In fact, the explosion of driverless cars today is no accident. From the perspective of the industry, the past three years have also been the fastest three years for the development of autonomous driving technology, which can almost be said to be "advancing by leaps and bounds".

Judging from the current progress of China and the United States, if we put aside the constraints of legislative standards and time, driverless cars will most likely be put into full commercial use within the next 1-2 years, and reach an end-to-end "complete form" in 5-10 years, realizing a driverless form similar to that in science fiction movies.

From this perspective, although it may be too early to talk about the "iPhone 4 moment" of driverless cars, the singularity of the era of driverless cars has indeed arrived.

At the same time, this is also a race against time: China and the United States are the two countries with the largest number of autonomous driving companies in the world. Whoever can be the first to run through and establish the relevant industrial chain will have the ability to define the track and export technology products to other countries.

Against the backdrop of Sino-US technological competition, this is a "battle that cannot be lost" for either side.

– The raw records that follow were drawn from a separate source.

(* Let $T$ be a tree of order $n$ and dissociation number $\psi$. If $v$ is a leaf of $T$ such that $\psi(T-v)=\psi(T)$, then $\Phi_{\overline{v}}(T)\le \min\{\Phi_v^0(T),\Phi_v^1(T)\}$ and $\Phi_{\overline{v}}(T)\le \frac{1}{3}\Phi(T)$.
   Context: All graphs are finite, simple and undirected. A dissociation set in a graph $G$ is a vertex subset $F$ such that the induced subgraph $G[F]$ has maximum degree at most $1$; a maximum dissociation set is one of maximum cardinality, and the dissociation number $\psi(G)$ is that cardinality. Let $MD(G)$ be the set of all maximum dissociation sets of $G$ and $\Phi(G)=|MD(G)|$. For a vertex $v$: $\Phi_{\overline{v}}(G)=|\{F\in MD(G): v\notin F\}|$, $\Phi_v^0(G)=|\{F\in MD(G): v\in F,\ d_{G[F]}(v)=0\}|$, $\Phi_v^1(G)=|\{F\in MD(G): v\in F,\ d_{G[F]}(v)=1\}|$. A leaf is a vertex of degree exactly one; $T-v$ denotes $T$ with $v$ deleted. *)

theory Defs
  imports Main
begin

definition simple_graph :: "'a set \<Rightarrow> 'a set set \<Rightarrow> bool" where
  "simple_graph V E \<longleftrightarrow> finite V \<and> (\<forall>e\<in>E. e \<subseteq> V \<and> card e = 2)"

definition adj :: "'a set set \<Rightarrow> 'a \<Rightarrow> 'a \<Rightarrow> bool" where
  "adj E u v \<longleftrightarrow> {u, v} \<in> E"

definition degree :: "'a set set \<Rightarrow> 'a \<Rightarrow> nat" where
  "degree E v = card {e\<in>E. v \<in> e}"

definition is_walk :: "'a set \<Rightarrow> 'a set set \<Rightarrow> 'a list \<Rightarrow> bool" where
  "is_walk V E p \<longleftrightarrow> p \<noteq> [] \<and> set p \<subseteq> V \<and>
     (\<forall>i. Suc i < length p \<longrightarrow> adj E (p ! i) (p ! Suc i))"

definition connected :: "'a set \<Rightarrow> 'a set set \<Rightarrow> bool" where
  "connected V E \<longleftrightarrow> V \<noteq> {} \<and>
     (\<forall>u\<in>V. \<forall>v\<in>V. \<exists>p. is_walk V E p \<and> hd p = u \<and> last p = v)"

definition is_cycle :: "'a set \<Rightarrow> 'a set set \<Rightarrow> 'a list \<Rightarrow> bool" where
  "is_cycle V E c \<longleftrightarrow> length c \<ge> 3 \<and> distinct c \<and> is_walk V E c \<and> adj E (last c) (hd c)"

definition acyclic_graph :: "'a set \<Rightarrow> 'a set set \<Rightarrow> bool" where
  "acyclic_graph V E \<longleftrightarrow> (\<nexists>c. is_cycle V E c)"

definition tree :: "'a set \<Rightarrow> 'a set set \<Rightarrow> bool" where
  "tree V E \<longleftrightarrow> simple_graph V E \<and> connected V E \<and> acyclic_graph V E"

definition leaf :: "'a set set \<Rightarrow> 'a \<Rightarrow> bool" where
  "leaf E v \<longleftrightarrow> degree E v = 1"

definition induced_edges :: "'a set set \<Rightarrow> 'a set \<Rightarrow> 'a set set" where
  "induced_edges E F = {e\<in>E. e \<subseteq> F}"

definition delete_vertex_edges :: "'a set set \<Rightarrow> 'a \<Rightarrow> 'a set set" where
  "delete_vertex_edges E v = {e\<in>E. v \<notin> e}"

definition dissociation_set :: "'a set \<Rightarrow> 'a set set \<Rightarrow> 'a set \<Rightarrow> bool" where
  "dissociation_set V E F \<longleftrightarrow> F \<subseteq> V \<and> (\<forall>u\<in>F. degree (induced_edges E F) u \<le> 1)"

definition dissociation_number :: "'a set \<Rightarrow> 'a set set \<Rightarrow> nat" where
  "dissociation_number V E = Max (card ` {F. dissociation_set V E F})"

definition max_dissociation_sets :: "'a set \<Rightarrow> 'a set set \<Rightarrow> 'a set set" where
  "max_dissociation_sets V E =
     {F. dissociation_set V E F \<and> card F = dissociation_number V E}"

definition Phi :: "'a set \<Rightarrow> 'a set set \<Rightarrow> nat" where
  "Phi V E = card (max_dissociation_sets V E)"

definition Phi_bar :: "'a set \<Rightarrow> 'a set set \<Rightarrow> 'a \<Rightarrow> nat" where
  "Phi_bar V E v = card {F\<in>max_dissociation_sets V E. v \<notin> F}"

definition Phi0 :: "'a set \<Rightarrow> 'a set set \<Rightarrow> 'a \<Rightarrow> nat" where
  "Phi0 V E v = card {F\<in>max_dissociation_sets V E. v \<in> F \<and> degree (induced_edges E F) v = 0}"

In this article, we will start with the history of autonomous driving and try to speculate on the future development trend of the industry. First, we will share a few preliminary conclusions:

1. From high-precision maps and lidar to BEV: all paths in the evolution of autonomous driving are aimed at "making cars behave more like humans."

2. The past three years have also been the three years with the fastest development of autonomous driving technology. A large number of players at home and abroad have achieved end-to-end to varying degrees. Looking to the future, it is only a matter of time before the ultimate form of overall end-to-end is achieved.

3. Whether it is pure vision or lidar route, millimeter-wave radar is the best means to make up for the technical shortcomings of both. As millimeter-wave radar evolves from 3D to 4D and then to imaging millimeter-wave radar, the continuously improving accuracy also gives this track the opportunity to give birth to high-value companies.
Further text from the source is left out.